= Your assignment =
Read through the records. Copy each line that has the word "npos".
Records for processing Block Start
text \<open>The algebraic core: the total OEL payment, written as a linear form in the sorted
  profile z, vanishes whenever z lies on the face determined by k, i.e. z_0 = U (k = 0),
  z_{n-1} = L (k = n), or z_{k-1} = z_k (1 \<le> k \<le> n - 1).\<close>

lemma oel_form_vanishes:
  fixes z :: "nat \<Rightarrow> real"
  assumes n: "n \<ge> 2" and m: "1 \<le> m" "m \<le> n - 1" and k: "k \<le> n"
    and zero: "(k = 0 \<longrightarrow> z 0 = U) \<and> (k = n \<longrightarrow> z (n - 1) = L)
      \<and> (1 \<le> k \<and> k \<le> n - 1 \<longrightarrow> z (k - 1) = z k)"
  shows "real n * oel_c n m L U k 0 + (\<Sum>j=1..n-1. oel_c n m L U k j * leave_one_out n z j) - real m * z m = 0"
proof -
  let ?c = "oel_c n m L U k"
  have npos: "real n > 0" using n by simp
  have not_below: "\<not> k \<le> k - 1" if "k > 0" for k :: nat using that by simp
  consider (top) "k = 0" | (upper) "1 \<le> k" "k \<le> m" | (lower) "m + 1 \<le> k" "k \<le> n - 1"
    | (bottom) "k = n"
    using k m by linarith
  then show ?thesis
  proof cases
    case top
    define Q where "Q = real n * (\<Sum>j=1..m. alpha n m j) - real m"
    have "(\<Sum>j=1..n-1. ?c j * leave_one_out n z j) = (\<Sum>j=1..m. ?c j * leave_one_out n z j)"
      using m top by (intro sum_restrict_support) (auto simp: oel_c_def)
    also have "\<dots> = (\<Sum>j=1..m. alpha n m j * leave_one_out n z j)"
      using top by (intro sum.cong) (auto simp: oel_c_def)
    finally have "(\<Sum>j=1..n-1. ?c j * leave_one_out n z j) - real m * z m = Q * z 0"
      using alpha_tail[of 1 m n z] m unfolding Q_def by simp
    moreover have "real n * ?c 0 = - U * Q"
      unfolding oel_c_def Q_def using top npos by (simp add: field_simps)
    ultimately show ?thesis using zero top by (simp add: algebra_simps)
  next
    case upper
    define Q where "Q = real n * (\<Sum>j=k+1..m. alpha n m j) - real m"
    have "(\<Sum>j=1..n-1. ?c j * leave_one_out n z j) = (\<Sum>j=k..m. ?c j * leave_one_out n z j)"
      using m upper by (intro sum_restrict_support) (auto simp: oel_c_def)
    also have "\<dots> = ?c k * leave_one_out n z k + (\<Sum>j=k+1..m. alpha n m j * leave_one_out n z j)"
      using upper by (simp add: sum.atLeast_Suc_atMost oel_c_def)
    finally have "(\<Sum>j=1..n-1. ?c j * leave_one_out n z j) - real m * z m = ?c k * leave_one_out n z k + Q * z k"
      using alpha_tail[of "k + 1" m n z] m upper unfolding Q_def by simp
    moreover have "?c k = - Q / real n" "?c 0 = 0"
      unfolding oel_c_def Q_def using upper npos by (simp_all add: field_simps)
    ultimately show ?thesis using zero upper m npos by (simp add: leave_one_out_def field_simps)
  next
    case lower
    define Q where "Q = real n * (\<Sum>j=m+1..k-1. beta n m j) - real m"
    have "(\<Sum>j=1..n-1. ?c j * leave_one_out n z j) = (\<Sum>j=m+1..k. ?c j * leave_one_out n z j)"
      using m lower by (intro sum_restrict_support) (auto simp: oel_c_def)
    also have "\<dots> = (\<Sum>j=m+1..k-1. beta n m j * leave_one_out n z j) + ?c k * leave_one_out n z k"
    proof -
      have "{m+1..k} = insert k {m+1..k-1}" "k \<notin> {m+1..k-1}" using lower by auto
      moreover have "(\<Sum>j=m+1..k-1. ?c j * leave_one_out n z j) = (\<Sum>j=m+1..k-1. beta n m j * leave_one_out n z j)"
        using lower by (intro sum.cong) (auto simp: oel_c_def)
      ultimately show ?thesis by (simp add: add.commute)
    qed
    finally have "(\<Sum>j=1..n-1. ?c j * leave_one_out n z j) - real m * z m = Q * z (k - 1) + ?c k * leave_one_out n z k"
      using beta_head[of m "k - 1" n z] m lower unfolding Q_def by simp
    moreover have "?c k = - Q / real n" "?c 0 = 0"
      unfolding oel_c_def Q_def using lower m npos not_below[of k] by (simp_all add: field_simps)
    ultimately show ?thesis using zero lower m npos by (simp add: leave_one_out_def field_simps)
  next
    case bottom
    define Q where "Q = real n * (\<Sum>j=m+1..n-1. beta n m j) - real m"
    have "(\<Sum>j=1..n-1. ?c j * leave_one_out n z j) = (\<Sum>j=m+1..n-1. ?c j * leave_one_out n z j)"
      using m n bottom by (intro sum_restrict_support) (auto simp: oel_c_def)
    also have "\<dots> = (\<Sum>j=m+1..n-1. beta n m j * leave_one_out n z j)"
      using m n bottom by (intro sum.cong) (auto simp: oel_c_def)
    finally have "(\<Sum>j=1..n-1. ?c j * leave_one_out n z j) - real m * z m = Q * z (n - 1)"
      using beta_head[of m "n - 1" n z] m unfolding Q_def by simp
    moreover have "real n * ?c 0 = - L * Q"
      unfolding oel_c_def Q_def using bottom m n npos not_below[of n] by (simp add: field_simps)
    ultimately show ?thesis using zero bottom n by (simp add: algebra_simps)
  qed
qed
Records for processing Block End
= Response to this exercise =
  have npos: "real n > 0" using n by simp
      unfolding oel_c_def Q_def using top npos by (simp add: field_simps)
      unfolding oel_c_def Q_def using upper npos by (simp_all add: field_simps)
    ultimately show ?thesis using zero upper m npos by (simp add: leave_one_out_def field_simps)
      unfolding oel_c_def Q_def using lower m npos not_below[of k] by (simp_all add: field_simps)
    ultimately show ?thesis using zero lower m npos by (simp add: leave_one_out_def field_simps)
      unfolding oel_c_def Q_def using bottom m n npos not_below[of n] by (simp add: field_simps)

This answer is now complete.